Your answer must be every line of the data that holds the string "noteq".
--- Provided material ---
definition pre_torsor :: "('a,'am) cat \<Rightarrow> ('b,'bm) cat \<Rightarrow> ('t,'tm) cat
    \<Rightarrow> ('a,'am,'t,'tm) ftr \<Rightarrow> ('t,'tm,'a,'am) ftr \<Rightarrow> ('a \<Rightarrow> 'am) \<Rightarrow> ('t \<Rightarrow> 'tm)
    \<Rightarrow> ('b,'bm,'t,'tm) ftr \<Rightarrow> ('t,'tm,'b,'bm) ftr \<Rightarrow> ('b \<Rightarrow> 'bm) \<Rightarrow> ('t \<Rightarrow> 'tm)
    \<Rightarrow> ('b \<Rightarrow> 'am) \<Rightarrow> bool" where
  "pre_torsor A B T NA RA \<eta>A \<epsilon>A NB RB \<eta>B \<epsilon>B \<tau> \<longleftrightarrow>
     category A \<and> category B \<and> category T \<and>
     adjunction A T NA RA \<eta>A \<epsilon>A \<and> adjunction B T NB RB \<eta>B \<epsilon>B \<and>
     natural B A (fcomp RA NB) (fcomp RA (fcomp NB (fcomp RB (fcomp NA (fcomp RA NB))))) \<tau> \<and>
     (\<forall>x. Comp A (fa RA (fa NB (fa RB (\<epsilon>A (fo NB x))))) (\<tau> x) = fa RA (fa NB (\<eta>B x))) \<and>
     (\<forall>x. Comp A (fa RA (\<epsilon>B (fo NA (fo RA (fo NB x))))) (\<tau> x) = \<eta>A (fo RA (fo NB x))) \<and>
     (\<forall>x. Comp A (fa RA (fa NB (fa RB (fa NA (\<tau> x))))) (\<tau> x) =
          Comp A (\<tau> (fo RB (fo NA (fo RA (fo NB x))))) (\<tau> x))"
definition spectrum_attainable :: "nat \<Rightarrow> real \<Rightarrow> complex multiset \<Rightarrow> bool" where
  "spectrum_attainable n r \<Lambda> \<longleftrightarrow>
     (\<forall>B \<in> carrier_mat n n. strictly_upper_triangular B \<longrightarrow>
        (\<exists>E \<in> carrier_mat n n. (frob_norm E)\<^sup>2 \<le> r \<and> has_spectrum (B + E) \<Lambda>))"

lemma spectrum_attainableD:
  assumes "spectrum_attainable n r \<Lambda>" and "B \<in> carrier_mat n n" and "strictly_upper_triangular B"
  obtains E where "E \<in> carrier_mat n n" "(frob_norm E)\<^sup>2 \<le> r" "has_spectrum (B + E) \<Lambda>"
  using assms unfolding spectrum_attainable_def by blast

lemma spectrum_attainable_empty: "spectrum_attainable 0 0 {#}"
proof -
  have "has_spectrum (B + 0\<^sub>m 0 0) {#}" if "B \<in> carrier_mat 0 0" for B
    using that unfolding has_spectrum_def
    by (subst char_poly_upper_triangular[of _ 0]) (auto simp: diag_mat_def)
  then show ?thesis unfolding spectrum_attainable_def
    by (auto simp: power2_frob_norm intro!: bexI[of _ "0\<^sub>m 0 0"])
qed

lemma spectrum_attainable_real:
  assumes l: "Im l = 0"
  shows "spectrum_attainable 1 ((cmod l)\<^sup>2) {#l#}"
  unfolding spectrum_attainable_def
proof (intro ballI impI)
  fix B :: "real mat" assume B: "B \<in> carrier_mat 1 1" and T: "strictly_upper_triangular B"
  define E where "E = mat 1 1 (\<lambda>_. Re l)"
  have BE: "map_mat complex_of_real (B + E) = mat 1 1 (\<lambda>_. l)"
    using B T l unfolding E_def strictly_upper_triangular_def by (auto simp: complex_eq_iff)
  have "has_spectrum (B + E) {#l#}"
    unfolding has_spectrum_def BE
    by (subst char_poly_upper_triangular[of _ 1]) (auto simp: diag_mat_def)
  moreover have "(frob_norm E)\<^sup>2 = (cmod l)\<^sup>2"
    using l by (simp add: power2_frob_norm E_def cmod_def)
  ultimately show "\<exists>E \<in> carrier_mat 1 1. (frob_norm E)\<^sup>2 \<le> (cmod l)\<^sup>2 \<and> has_spectrum (B + E) {#l#}"
    by (intro bexI[of _ E]) (auto simp: E_def)
qed
lemma sdp_ge:
  assumes "\<And>u. \<forall>i<n. vdot n (u i) (u i) = 1 \<Longrightarrow> (\<Sum>(i,j)\<in>E. w (i,j) * vdot n (u i) (u j)) \<le> B"
    and "\<forall>i<n. vdot n (u i) (u i) = 1"
  shows "(\<Sum>(i,j)\<in>E. w (i,j) * vdot n (u i) (u j)) \<le> sdp n E w"
  unfolding sdp_eq_Sup
proof (rule cSup_upper)
  show "bdd_above {(\<Sum>(i,j)\<in>E. w (i,j) * vdot n (u i) (u j)) | u. \<forall>i<n. vdot n (u i) (u i) = 1}"
    using assms(1) by (intro bdd_aboveI) blast
qed (use assms(2) in blast)

section \<open>Switching and the sign of a cycle\<close>

definition pm_sign :: "real \<Rightarrow> real" where
  "pm_sign x = (if 0 \<le> x then 1 else -1)"

lemma pm_sign_square [simp]: "pm_sign x * pm_sign x = 1"
  by (simp add: pm_sign_def)

lemma abs_mult_pm_sign: "\<bar>x\<bar> * pm_sign x = x"
  by (simp add: pm_sign_def)

lemma pm_sign_mult_self: "pm_sign x * x = \<bar>x\<bar>"
  by (simp add: pm_sign_def)

lemma square_eq_1_iff: "(x::real) * x = 1 \<longleftrightarrow> x \<in> {-1, 1}"
  using power2_eq_1_iff[of x] by (auto simp: power2_eq_square)

definition cycle_sign :: "nat \<Rightarrow> (nat \<times> nat \<Rightarrow> real) \<Rightarrow> real" where
  "cycle_sign n w = (\<Prod>k<n. pm_sign (w (cycle_edge n k)))"

lemma cycle_sign_cases: "cycle_sign n w = 1 \<or> cycle_sign n w = -1"
  using switching_square[of "\<lambda>k. pm_sign (w (cycle_edge n k))" n] square_eq_1_iff
  unfolding cycle_sign_def switching_def by auto
lemma profile_le: "profile l t b j \<le> real (card (piece t))"
proof -
  have "vertex_profile l t j \<le> card (piece t)" unfolding vertex_profile_def piece_def
    by (rule card_mono) (use finite_V in auto)
  moreover have "edge_profile l t j \<le> card (piece t)" unfolding edge_profile_def piece_def
    by (rule card_mono) (use finite_V in auto)
  ultimately show ?thesis unfolding profile_def by auto
qed

lemma abs_centred_profile_le:
  assumes l: "l > 0"
  shows "\<bar>centred_profile l t b j\<bar> \<le> real (card (piece t))"
proof -
  define P where "P = real (card (piece t))"
  have m: "(\<Sum>i<l. profile l t b i) \<le> P"
  proof (cases b)
    case True
    then have "(\<Sum>i<l. profile l t b i) = real (card {v\<in>V. piece_top v = t \<and> 0 < piece_depth v})"
      unfolding profile_def using sum_edge_profile[OF l] by (simp flip: of_nat_sum)
    also have "\<dots> \<le> P" unfolding P_def piece_def by (simp, rule card_mono) (use finite_V in auto)
    finally show ?thesis .
  next
    case False
    then show ?thesis unfolding profile_def P_def using sum_vertex_profile[OF l]
      by (simp flip: of_nat_sum)
  qed
  have m0: "0 \<le> (\<Sum>i<l. profile l t b i)" unfolding profile_def by (simp add: sum_nonneg)
  have "(\<Sum>i<l. profile l t b i) / real l \<le> (\<Sum>i<l. profile l t b i) / 1"
    by (rule frac_le) (use m0 l in auto)
  then have "(\<Sum>i<l. profile l t b i) / real l \<le> P" using m by simp
  moreover have "0 \<le> (\<Sum>i<l. profile l t b i) / real l" using m0 by simp
  moreover have "0 \<le> profile l t b j" "profile l t b j \<le> P" unfolding P_def using profile_le
    by (auto simp: profile_def)
  ultimately show ?thesis unfolding centred_profile_def P_def by linarith
qed

end

context cycle_placement
begin

definition vertex_count :: "nat \<Rightarrow> nat" where "vertex_count j = card {v\<in>V. pos v = j}"
definition edge_count :: "nat \<Rightarrow> nat" where
  "edge_count j = card {w\<in>V. w \<noteq> r \<and> {pos w, pos (par w)} = {j, Suc j mod l}}"
text \<open>Outside \<open>near\<close> every vertex \<open>v\<close> sits at \<open>(\<tau> (piece_top v) + piece_depth v) mod l\<close>
  (\<open>pos_far\<close>); the \<open>far_\<close> counts pretend this held everywhere.\<close>
definition near :: "'a set" where "near = {v\<in>V. piece_depth v \<le> l}"

definition far_vertex_count :: "nat \<Rightarrow> nat" where
  "far_vertex_count j = card {v\<in>V. (\<tau> (piece_top v) + piece_depth v) mod l = j}"

definition far_edge_count :: "nat \<Rightarrow> nat" where
  "far_edge_count j =
      card {v\<in>V. 0 < piece_depth v \<and> (\<tau> (piece_top v) + (piece_depth v - 1)) mod l = j}"

lemma vertex_count_near_far:
  "\<bar>real (vertex_count j) - real (far_vertex_count j)\<bar> \<le> real (card near)"
proof -
  have "\<bar>real (vertex_count j) - real (far_vertex_count j)\<bar> \<le> real (card (V \<inter> near))"
    unfolding vertex_count_def far_vertex_count_def
    by (rule abs_card_Collect_diff_le[OF finite_V]) (auto simp: near_def pos_far)
  also have "V \<inter> near = near" unfolding near_def by auto
  finally show ?thesis .
qed

lemma edge_count_near_far:
  assumes "j < l"
  shows "\<bar>real (edge_count j) - real (far_edge_count j)\<bar> \<le> real (card near)"
proof -
  have pr: "piece_depth r = 0" using piece_depth_K root_in_K by simp
  have "\<bar>real (edge_count j) - real (far_edge_count j)\<bar> \<le> real (card (V \<inter> near))"
    unfolding edge_count_def far_edge_count_def
  proof (rule abs_card_Collect_diff_le[OF finite_V])
    fix x assume x: "x \<in> V" "x \<notin> near"
    then have "l < piece_depth x" unfolding near_def by auto
    then show "(x \<noteq> r \<and> {pos x, pos (par x)} = {j, Suc j mod l}) \<longleftrightarrow>
        (0 < piece_depth x \<and> (\<tau> (piece_top x) + (piece_depth x - 1)) mod l = j)"
      using pos_par_far[OF x(1) _ assms] pr by auto
  qed
  also have "V \<inter> near = near" unfolding near_def by auto
  finally show ?thesis .
qed

lemma far_vertex_count_eq:
  assumes j: "j < l"
  shows "real (far_vertex_count j) = (\<Sum>t\<in>heavy s. profile l t False ((j + l - \<tau> t) mod l))"
proof -
  have "far_vertex_count j
      = (\<Sum>t\<in>heavy s. card {v\<in>V. piece_top v = t \<and> (\<tau> (piece_top v) + piece_depth v) mod l = j})"
    using sum_pieces_card[of "\<lambda>v. (\<tau> (piece_top v) + piece_depth v) mod l = j"]
    unfolding far_vertex_count_def by simp
  also have "\<dots> = (\<Sum>t\<in>heavy s. vertex_profile l t ((j + l - \<tau> t) mod l))"
    unfolding vertex_profile_def
    by (intro sum.cong refl arg_cong[where f=card] Collect_cong)
      (use add_mod_eq_iff[OF tau_less j] in auto)
  finally show ?thesis unfolding profile_def by simp
qed

lemma far_edge_count_eq:
  assumes j: "j < l"
  shows "real (far_edge_count j) = (\<Sum>t\<in>heavy s. profile l t True ((j + l - \<tau> t) mod l))"
proof -
  have "far_edge_count j = (\<Sum>t\<in>heavy s. card {v\<in>V. piece_top v = t \<and>
      (0 < piece_depth v \<and> (\<tau> (piece_top v) + (piece_depth v - 1)) mod l = j)})"
    using sum_pieces_card[of
        "\<lambda>v. 0 < piece_depth v \<and> (\<tau> (piece_top v) + (piece_depth v - 1)) mod l = j"]
    unfolding far_edge_count_def by simp
  also have "\<dots> = (\<Sum>t\<in>heavy s. edge_profile l t ((j + l - \<tau> t) mod l))"
    unfolding edge_profile_def
    by (intro sum.cong refl arg_cong[where f=card] Collect_cong)
      (use add_mod_eq_iff[OF tau_less j] in auto)
  finally show ?thesis unfolding profile_def by simp
qed

lemma sum_sum_vertex_profiles: "(\<Sum>t\<in>heavy s. (\<Sum>i<l. profile l t False i)) = real (card V)"
proof -
  have "(\<Sum>t\<in>heavy s. (\<Sum>i<l. profile l t False i))
      = real (\<Sum>t\<in>heavy s. card {v\<in>V. piece_top v = t \<and> True})"
    unfolding profile_def using sum_vertex_profile[OF l_pos] unfolding piece_def
    by (simp flip: of_nat_sum)
  also have "\<dots> = real (card V)" using sum_pieces_card[of "\<lambda>_. True"] by simp
  finally show ?thesis .
qed

lemma sum_sum_edge_profiles:
  "(\<Sum>t\<in>heavy s. (\<Sum>i<l. profile l t True i)) = real (card V) - real (card (heavy s))"
proof -
  have "(\<Sum>t\<in>heavy s. (\<Sum>i<l. profile l t True i))
      = real (\<Sum>t\<in>heavy s. card {v\<in>V. piece_top v = t \<and> 0 < piece_depth v})"
    unfolding profile_def using sum_edge_profile[OF l_pos] by (simp flip: of_nat_sum)
  also have "\<dots> = real (card {v\<in>V. 0 < piece_depth v})"
    using sum_pieces_card[of "\<lambda>v. 0 < piece_depth v"] by simp
  also have "{v\<in>V. 0 < piece_depth v} = V - heavy s" using piece_depth_eq_0_iff by fastforce
  also have "real (card (V - heavy s)) = real (card V) - real (card (heavy s))"
    using card_Diff_subset[OF finite_subset[OF heavy_subset finite_V] heavy_subset]
      card_mono[OF finite_V heavy_subset] by simp
  finally show ?thesis .
qed
lemma excess_factor_bounds:
  fixes d :: nat
  assumes "3 \<le> d"
  shows "((real d)\<^sup>2 - 1) / (real d)\<^sup>2 \<le> excess_factor d"
    and "excess_factor d \<le> 1 + (1 / (real d - 1))\<^sup>2"
proof -
  note k = sq_minus_one_bounds [OF assms]
  define z where "z = (1 / (real d - 1))\<^sup>2"
  have z: "0 \<le> z" "z \<le> 1"
    using assms by (auto simp: z_def power_le_one)
  have "5/2 \<le> real (d\<^sup>2 - 1) / 2 + 1"
    using k(2) by linarith
  note H = hyp2F1_half_half_ge_1 [OF this z] hyp2F1_half_half_le [OF k(2) z]
  have C: "((real d)\<^sup>2 - 1) / (real d)\<^sup>2 \<le> Fstar_const (d\<^sup>2 - 1)" "Fstar_const (d\<^sup>2 - 1) \<le> 1"
    using Fstar_const_bounds [OF k(3), unfolded k(1)] by simp_all
  have "1 \<le> (real d)\<^sup>2"
    using assms by (simp add: one_le_power)
  then have "0 \<le> ((real d)\<^sup>2 - 1) / (real d)\<^sup>2"
    by simp
  then have "((real d)\<^sup>2 - 1) / (real d)\<^sup>2 * 1 \<le> excess_factor d"
    unfolding excess_factor_def z_def [symmetric] using C H by (intro mult_mono) auto
  then show "((real d)\<^sup>2 - 1) / (real d)\<^sup>2 \<le> excess_factor d"
    by simp
  have "excess_factor d \<le> 1 * (1 + z)"
    unfolding excess_factor_def z_def [symmetric] using C H by (intro mult_mono) auto
  then show "excess_factor d \<le> 1 + (1 / (real d - 1))\<^sup>2"
    by (simp add: z_def)
qed

lemma beta_eq:
  fixes d :: nat
  assumes "3 \<le> d"
  shows "beta d = 1 - 1 / real d + excess_factor d / (real d * (real d - 1)\<^sup>2)"
proof -
  define k where "k = d\<^sup>2 - 1"
  define H where "H \<gamma> = hyp2F1 (1/2) (1/2) (real k / 2 + 1) \<gamma>" for \<gamma>
  define C where "C = Fstar_const k"
  define \<phi> where "\<phi> \<gamma> = C * (\<gamma> * H (\<gamma>\<^sup>2)) / (real d - 1)\<^sup>2" for \<gamma>
  define a where "a = -1 / (real d - 1)"
  have d: "2 \<le> real d - 1"
    using assms by simp
  have K: "5 \<le> real k / 2 + 1" and "0 < k"
    using sq_minus_one_bounds [OF assms] by (simp_all add: k_def)
  then have C: "0 \<le> C" "C \<le> 1"
    using Fstar_const_bounds [of k] by (auto simp: C_def intro: order_trans [rotated])
  have a: "-1 \<le> a" "a < 0" "a\<^sup>2 = (1 / (real d - 1))\<^sup>2"
    using d by (auto simp: a_def field_simps power2_eq_square)
  have H: "1 \<le> H (a\<^sup>2)"
    unfolding H_def using K a(1,2) by (intro hyp2F1_half_half_ge_1) (auto simp: abs_square_le_1)
  have endpoint: "(1 - \<phi> a) / (1 - a) = 1 - 1 / real d + C * H (a\<^sup>2) / (real d * (real d - 1)\<^sup>2)"
  proof -
    have "real d - 1 > 0" "real d > 0"
      using d by auto
    then show ?thesis
      by (simp add: \<phi>_def a_def divide_simps)
  qed
  have "beta d = (INF \<gamma> \<in> {a..<1}. (1 - \<phi> \<gamma>) / (1 - \<gamma>))"
    by (simp add: beta_def Fstar_eq \<phi>_def a_def C_def H_def k_def)
  also have "\<dots> = (1 - \<phi> a) / (1 - a)"
  proof (rule INF_ratio_at_left_endpoint [where L = "2 * C / (real d - 1)\<^sup>2"])
    fix \<gamma>
    assume "a \<le> \<gamma>" "\<gamma> < 1"
    then have "\<gamma> * H (\<gamma>\<^sup>2) - a * H (a\<^sup>2) \<le> 2 * (\<gamma> - a)"
      unfolding H_def using K a by (intro odd_hyp2F1_lipschitz) auto
    then have "C * (\<gamma> * H (\<gamma>\<^sup>2) - a * H (a\<^sup>2)) / (real d - 1)\<^sup>2 \<le> C * (2 * (\<gamma> - a)) / (real d - 1)\<^sup>2"
      using C by (intro divide_right_mono mult_left_mono) auto
    then show "\<phi> \<gamma> - \<phi> a \<le> 2 * C / (real d - 1)\<^sup>2 * (\<gamma> - a)"
      by (simp add: \<phi>_def algebra_simps diff_divide_distrib)
  next
    have "2 * C / (real d - 1)\<^sup>2 \<le> 2 / 4"
      using C d power_mono [OF d, of 2] by (intro frac_le) auto
    also have "\<dots> \<le> 1 - 1 / real d"
      using d by (simp add: field_simps)
    also have "\<dots> \<le> (1 - \<phi> a) / (1 - a)"
      unfolding endpoint using C H d by simp
    finally show "2 * C / (real d - 1)\<^sup>2 \<le> (1 - \<phi> a) / (1 - a)" .
  qed (use a in simp)
  finally show ?thesis
    by (simp add: endpoint a(3) C_def H_def k_def excess_factor_def)
qed
text \<open>Write P = mp - 1, M = N + 1, k = iM and Q = k!/(i!)^M. The coefficient of X^k in the
  Hasse--Dwork polynomial is binom(P, k) Q (-M)^(P-k), and Gauss' multiplication formula for rising
  factorials turns the coefficient on the right into (-1)^k (1 - mp H_k) Q (-M)^(P-k). So it suffices
  that Q (binom(P, k) - (-1)^k (1 - mp H_k)) vanishes modulo p^2. For k < p this holds because
  binom(mp - 1, k) = (-1)^k prod_{j=1..k} (1 - mp/j) and every mp/j is divisible by p. Otherwise
  m = 2 and p \<le> k < 2p; then the bracket vanishes only modulo p (by the symmetry
  binom(2p - 1, k) = binom(2p - 1, 2p - 1 - k)), but i < p \<le> k makes p divide Q.\<close>

lemma pochhammer_mult_eq_prod:
  fixes z :: "'a::field_char_0"
  assumes "M > 0"
  shows "pochhammer z (i * M) =
    of_nat M ^ (i * M) * (\<Prod>j<M. pochhammer ((z + of_nat j) / of_nat M) i)"
proof (induction i)
  case (Suc i)
  have M: "(of_nat M :: 'a) \<noteq> 0" using assms by simp
  have "pochhammer (z + of_nat (i * M)) M = (\<Prod>j<M. of_nat M * ((z + of_nat j) / of_nat M + of_nat i))"
    unfolding pochhammer_prod atLeast0LessThan using M by (intro prod.cong) (simp_all add: field_simps)
  also have "\<dots> = of_nat M ^ M * (\<Prod>j<M. (z + of_nat j) / of_nat M + of_nat i)"
    by (simp add: prod.distrib)
  finally have "pochhammer z (Suc i * M) =
      (of_nat M ^ (i * M) * (\<Prod>j<M. pochhammer ((z + of_nat j) / of_nat M) i)) *
      (of_nat M ^ M * (\<Prod>j<M. (z + of_nat j) / of_nat M + of_nat i))"
    using Suc.IH pochhammer_product'[of z "i * M" M] by (simp add: add.commute)
  then show ?case
    by (simp add: pochhammer_Suc prod.distrib power_add mult_ac)
qed simp

lemma fact_mult_eq_pochhammer_prod:
  "(fact (i * (N + 1)) :: 'a::field_char_0) =
    of_nat (N + 1) ^ (i * (N + 1)) * fact i * (\<Prod>j = 1..N. pochhammer (of_nat j / of_nat (N + 1)) i)"
proof -
  define M where "M = N + 1"
  have M: "M > 0" "{1..M} = insert M {1..N}"
    by (auto simp: M_def)
  then have "(of_nat M :: 'a) \<noteq> 0" by simp
  have "(\<Prod>j<M. pochhammer ((1 + of_nat j) / of_nat M) i) =
      (\<Prod>j = 1..M. pochhammer (of_nat j / of_nat M :: 'a) i)"
    by (simp add: prod.atLeast1_atMost_eq add.commute)
  also have "\<dots> = fact i * (\<Prod>j = 1..N. pochhammer (of_nat j / of_nat M) i)"
    using M \<open>(of_nat M :: 'a) \<noteq> 0\<close> by (simp add: M_def pochhammer_fact del: of_nat_add)
  finally show ?thesis
    using pochhammer_mult_eq_prod[OF M(1), of 1 i] unfolding M_def[symmetric] pochhammer_fact
    by (metis mult.assoc)
qed

lemma HD_coeff_mult_fact:
  "i * M \<le> P \<Longrightarrow> HD_coeff P M i * fact (P - i * M) * fact i ^ M = fact P"
proof (induction M)
  case (Suc M)
  have "i \<le> P - i * M" using Suc.prems by simp
  then have "fact i * fact (P - i * Suc M) * (P - i * M choose i) = fact (P - i * M)"
    using binomial_fact_lemma[of i "P - i * M"] by (simp add: diff_diff_add add.commute)
  then have "HD_coeff P (Suc M) i * fact (P - i * Suc M) * fact i ^ Suc M =
      HD_coeff P M i * fact (P - i * M) * fact i ^ M"
    by (simp add: HD_coeff_def mult.commute mult.left_commute)
  also have "\<dots> = fact P" using Suc by simp
  finally show ?case .
qed (simp add: HD_coeff_def)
---
→ **Solution for this exercise**:
  "edge_count j = card {w\<in>V. w \<noteq> r \<and> {pos w, pos (par w)} = {j, Suc j mod l}}"
    then show "(x \<noteq> r \<and> {pos x, pos (par x)} = {j, Suc j mod l}) \<longleftrightarrow>
  have M: "(of_nat M :: 'a) \<noteq> 0" using assms by simp
  then have "(of_nat M :: 'a) \<noteq> 0" by simp
    using M \<open>(of_nat M :: 'a) \<noteq> 0\<close> by (simp add: M_def pochhammer_fact del: of_nat_add)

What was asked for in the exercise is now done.